Ahora resulta que Instagram casi cierra la cuenta de Cristina Fallarás. Me imagino la cantidad ingente de denuncias de hombres muy asustados que ha tenido que recibir el perfil de la periodista para que fuera suspendido durante unas horas. Uno de los pocos espacios seguros que existen abiertos para la denuncia de la violencia sexual. El machismo entró en pánico y el pato casi lo acabamos pagando nosotras, una vez más.
Como a Claudia, a mí también me gustaría más estar bebiendo un té de lavanda en el sofá, ver mi episodio semanal de Sexo en Nueva York o salir a pasear sin cargo de conciencia, en vez de estar sentada en el escritorio dispuesta a escribir porque en algún lugar tengo que poner toda esta rabia.

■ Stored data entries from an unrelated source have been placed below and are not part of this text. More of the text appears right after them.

lemma padding_cell:
  assumes "h' l = Some (replicate (\<kappa> + length ws + \<mu>) lb)"
  shows "h l = None"
  using assms
proof (cases rule: expanded_cell_cases)
  case (1 c bs)
  have "\<kappa> < \<kappa> + length ws + \<mu>" using ws_nonempty by simp
  then have "lb = replicate (\<kappa> + length ws + \<mu>) lb ! \<kappa>" by simp
  also have "\<dots> = (c @ map s ws @ bs) ! \<kappa>" using 1 by simp
  also have "\<dots> = s (hd ws)"
    using \<open>length c = \<kappa>\<close> ws_nonempty by (cases ws) (simp_all add: nth_append)
  finally show ?thesis using s_hd_ws by simp
qed

lemma sat_BotP_disjoint:
  assumes "sat (decR \<kappa> \<mu> Pl ws R) lb t g (Pred BotP ts)" and "g \<subseteq>\<^sub>m h'"
  shows "dom g \<inter> dom h = {}"
proof -
  from assms(1) obtain x t' where
    "sat (decR \<kappa> \<mu> Pl ws R) lb t' g (Pto (V x) (replicate (\<kappa> + length ws + \<mu>) BotT))"
    by (auto elim!: sat_PredE simp: decR_def)
  then have g: "g = [t' x \<mapsto> replicate (\<kappa> + length ws + \<mu>) lb]"
    by (auto elim: sat_PtoE)
  with assms(2) have "h' (t' x) = Some (replicate (\<kappa> + length ws + \<mu>) lb)"
    by (auto simp: map_le_def)
  then show ?thesis
    using padding_cell g by auto
qed

lemma sat_padded_decor:
  assumes "sat (decR \<kappa> \<mu> Pl ws R) lb t g f" and "g \<subseteq>\<^sub>m h'" and "\<forall>x. t x \<noteq> lb"
    and "padded_decor \<kappa> ws \<alpha> f" and progressing: "\<forall>r\<in>R. progressing \<kappa> r"
  shows "sat R lb t (h |` dom g) \<alpha>"
  using assms(1-4)
proof (induction arbitrary: \<alpha> rule: sat.induct)
  case (sat_neq t a b g)
  then have "\<alpha> = Neq a b" by (cases \<alpha>) (auto simp: padded_decor_iff_decor)
  with sat_neq show ?case by (auto intro: sat.sat_neq)
next
  case (sat_eq t a b g)
  then have "\<alpha> = Eq a b" by (cases \<alpha>) (auto simp: padded_decor_iff_decor)
  with sat_eq show ?case by (auto intro: sat.sat_eq)
next
  case (sat_pto t a g ts')
  from \<open>padded_decor \<kappa> ws \<alpha> (Pto a ts')\<close> obtain ts w us
    where \<alpha>: "\<alpha> = Pto a ts" and ts': "ts' = ts @ V w # us" and "length ts = \<kappa>"
    by (rule padded_decor_PtoE)
  define l where "l = ev lb t a"
  have "h' l = Some (map (ev lb t) ts')"
    using sat_pto.hyps(2) \<open>g \<subseteq>\<^sub>m h'\<close> by (auto simp: l_def map_le_def)
  then have "h l = Some (map (ev lb t) ts)"
    using expanded_cell \<open>length ts = \<kappa>\<close> \<open>\<forall>x. t x \<noteq> lb\<close> by (force simp: ts' nth_append)
  then have "h |` dom g = [l \<mapsto> map (ev lb t) ts]"
    using sat_pto.hyps(2) by (auto simp: l_def restrict_map_def fun_eq_iff)
  with sat_pto.hyps(1) show ?case
    unfolding \<alpha> l_def by (rule sat.sat_pto)
next
  case (sat_sep g1 g2 g t f1 f2)
  have "g1 \<subseteq>\<^sub>m h'" and "g2 \<subseteq>\<^sub>m h'"
    using sat_sep.hyps(1,2) \<open>g \<subseteq>\<^sub>m h'\<close> map_add_comm map_add_le_mapE by metis+
  from \<open>padded_decor \<kappa> ws \<alpha> (Sep f1 f2)\<close> show ?case
  proof (cases rule: padded_decor_SepE)
    case (1 a b)
    have "dom (h |` dom g1) \<inter> dom (h |` dom g2) = {}" using sat_sep.hyps(1) by auto
    moreover have "h |` dom g = h |` dom g1 ++ h |` dom g2"
      using sat_sep.hyps(2) by (simp add: Un_commute restrict_map_Un)
    moreover have "sat R lb t (h |` dom g1) a" and "sat R lb t (h |` dom g2) b"
      using sat_sep.IH \<open>g1 \<subseteq>\<^sub>m h'\<close> \<open>g2 \<subseteq>\<^sub>m h'\<close> sat_sep.prems(2) 1(2,3) by blast+
    ultimately show ?thesis
      unfolding 1(1) by (rule sat.sat_sep)
  next
    case (2 ts)
    then have "dom g2 \<inter> dom h = {}"
      using sat_BotP_disjoint sat_sep.hyps(4) \<open>g2 \<subseteq>\<^sub>m h'\<close> by blast
    then have "h |` dom g = h |` dom g1"
      using sat_sep.hyps(2) by (auto simp: restrict_map_def fun_eq_iff dom_def)
    then show ?thesis
      using sat_sep.IH(1) \<open>g1 \<subseteq>\<^sub>m h'\<close> sat_sep.prems(2) 2 by simp
  qed
next
  case (sat_or1 t g f1 f2)
  then obtain a b where "\<alpha> = Or a b" "decor ws a f1"
    by (cases \<alpha>) (auto simp: padded_decor_iff_decor)
  with sat_or1 show ?case by (auto intro: sat.sat_or1 padded_decor.decor)
next
  case (sat_or2 t g f2 f1)
  then obtain a b where "\<alpha> = Or a b" "decor ws b f2"
    by (cases \<alpha>) (auto simp: padded_decor_iff_decor)
  with sat_or2 show ?case by (auto intro: sat.sat_or2 padded_decor.decor)
next
  case (sat_ex l t x g f)
  then obtain a where \<alpha>: "\<alpha> = Ex x a" and "decor ws a f"
    by (cases \<alpha>) (auto simp: padded_decor_iff_decor)
  have "\<forall>y. (t(x := l)) y \<noteq> lb" using sat_ex.hyps(1) sat_ex.prems(2) by simp
  with \<open>g \<subseteq>\<^sub>m h'\<close> \<open>decor ws a f\<close> have "sat R lb (t(x := l)) (h |` dom g) a"
    by (intro sat_ex.IH padded_decor.decor)
  with sat_ex.hyps(1) show ?case
    unfolding \<alpha> by (rule sat.sat_ex)
next
  case (sat_pred Q xs' ys' as' ts' t' t g)
  from \<open>padded_decor \<kappa> ws \<alpha> (Pred Q ts')\<close> obtain q ts X
    where \<alpha>: "\<alpha> = Pred q ts" and Q: "Q = DecP q X" and ts': "ts' = ts @ map V ws"
    by (cases \<alpha>) (auto simp: padded_decor_iff_decor)
  from sat_pred.hyps(1) progressing ws_nonempty obtain xs ys as \<sigma>
    where R: "(q, xs, ys, as) \<in> R" and xs': "xs' = xs @ ws" and \<sigma>: "\<forall>x\<in>set xs. \<sigma> x = x"
      and body: "padded_decor \<kappa> ws (subst \<sigma> (body (q, xs, ys, as))) (body (Q, xs', ys', as'))"
    unfolding Q by (rule decR_body_padded_decor)
  have len: "length xs = length ts"
    using sat_pred.hyps(2) by (simp add: xs' ts')
  have store: "\<forall>v. (t' \<circ> \<sigma>) v \<noteq> lb"
    using sat_pred.hyps(3) by simp
  have params: "\<forall>i<length xs. (t' \<circ> \<sigma>) (xs ! i) = ev lb t (ts ! i)"
  proof (intro allI impI)
    fix i assume "i < length xs"
    then show "(t' \<circ> \<sigma>) (xs ! i) = ev lb t (ts ! i)"
      using sat_pred.hyps(4)[rule_format, of i] \<sigma> len by (simp add: xs' ts' nth_append)
  qed
  have "sat R lb t' (h |` dom g) (subst \<sigma> (body (q, xs, ys, as)))"
    using sat_pred.IH \<open>g \<subseteq>\<^sub>m h'\<close> sat_pred.hyps(3) body by blast
  moreover have "qfree (body (q, xs, ys, as))"
    using progressing R by (blast intro: qfree_body)
  ultimately have "sat R lb (t' \<circ> \<sigma>) (h |` dom g) (body (q, xs, ys, as))"
    by (rule sat_subst)
  then show ?case
    unfolding \<alpha> by (rule sat.sat_pred[OF R len store params])
qed

end

theorem mainTheorem18:
  fixes R :: "('v, 'p) rule set"
    and \<phi> \<psi> \<alpha> :: "('v, 'p) form"
    and \<alpha>' :: "('v, 'p dpred) form"
    and ws :: "'v list"
    and \<kappa> \<mu> :: nat
    and lb :: 'l
    and s :: "'v \<Rightarrow> 'l"
    and h h' :: "'l heap"
  assumes "finite R"
    and "\<forall>r\<in>R. progressing \<kappa> r"
    and "\<forall>r\<in>R. card (exvars r) = \<mu>"
    and "distinct ws" and "ws \<noteq> []" and "set ws = fv \<phi> \<union> fv \<psi>"
    and "\<forall>r\<in>R. set ws \<inter> rule_vars r = {}"
    and "no_pto \<alpha>"
    and "preds \<alpha> \<subseteq> reach R (preds \<phi>)"
    and "decor ws \<alpha> \<alpha>'"
    and "\<forall>x. s x \<noteq> lb"
    and "finite (dom h)" and "lb \<notin> dom h" and "\<forall>l\<in>dom h. length (the (h l)) = \<kappa>"
    and "finite (dom h')" and "lb \<notin> dom h'"
    and "sat (decR \<kappa> \<mu> (reach R (preds \<phi>)) ws R) lb s h' \<alpha>'"
    and "expands lb \<kappa> \<mu> ws s h' h"
  shows "sat R lb s h \<alpha>"
proof -
  interpret expansion lb \<kappa> \<mu> ws s h' h
    by unfold_locales (simp_all add: assms(18,14,5,11))
  have "padded_decor \<kappa> ws \<alpha> \<alpha>'"
    using assms(10) by (rule padded_decor.decor)
  then have "sat R lb s (h |` dom h') \<alpha>"
    by (rule sat_padded_decor[OF assms(17) map_le_refl assms(11) _ assms(2)])
  moreover have "h |` dom h' = h"
    using dom_subset by (simp add: restrict_map_def fun_eq_iff) (metis domIff subsetD)
  ultimately show ?thesis by simp
qed

end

Muchos de los comportamientos de Errejón y de alguna otra figura pública que se han publicado estos días no son punibles legalmente porque no están tipificados como delito —otros sí, por supuesto—. Esto no significa que no sean machistas y estén mal. Alardear públicamente de las pedazo de tetas que tenía la pava a la que te has tirado no es delito, ni mucho menos. Ligar burdamente con mujeres de dieciocho años tampoco. Pero son conductas que evidencian la violencia y el machismo sistemático al que nos enfrentamos las mujeres todos los días, tan enraizado en las creencias masculinas que a algunos amigos todavía les cuesta entender por qué están mal.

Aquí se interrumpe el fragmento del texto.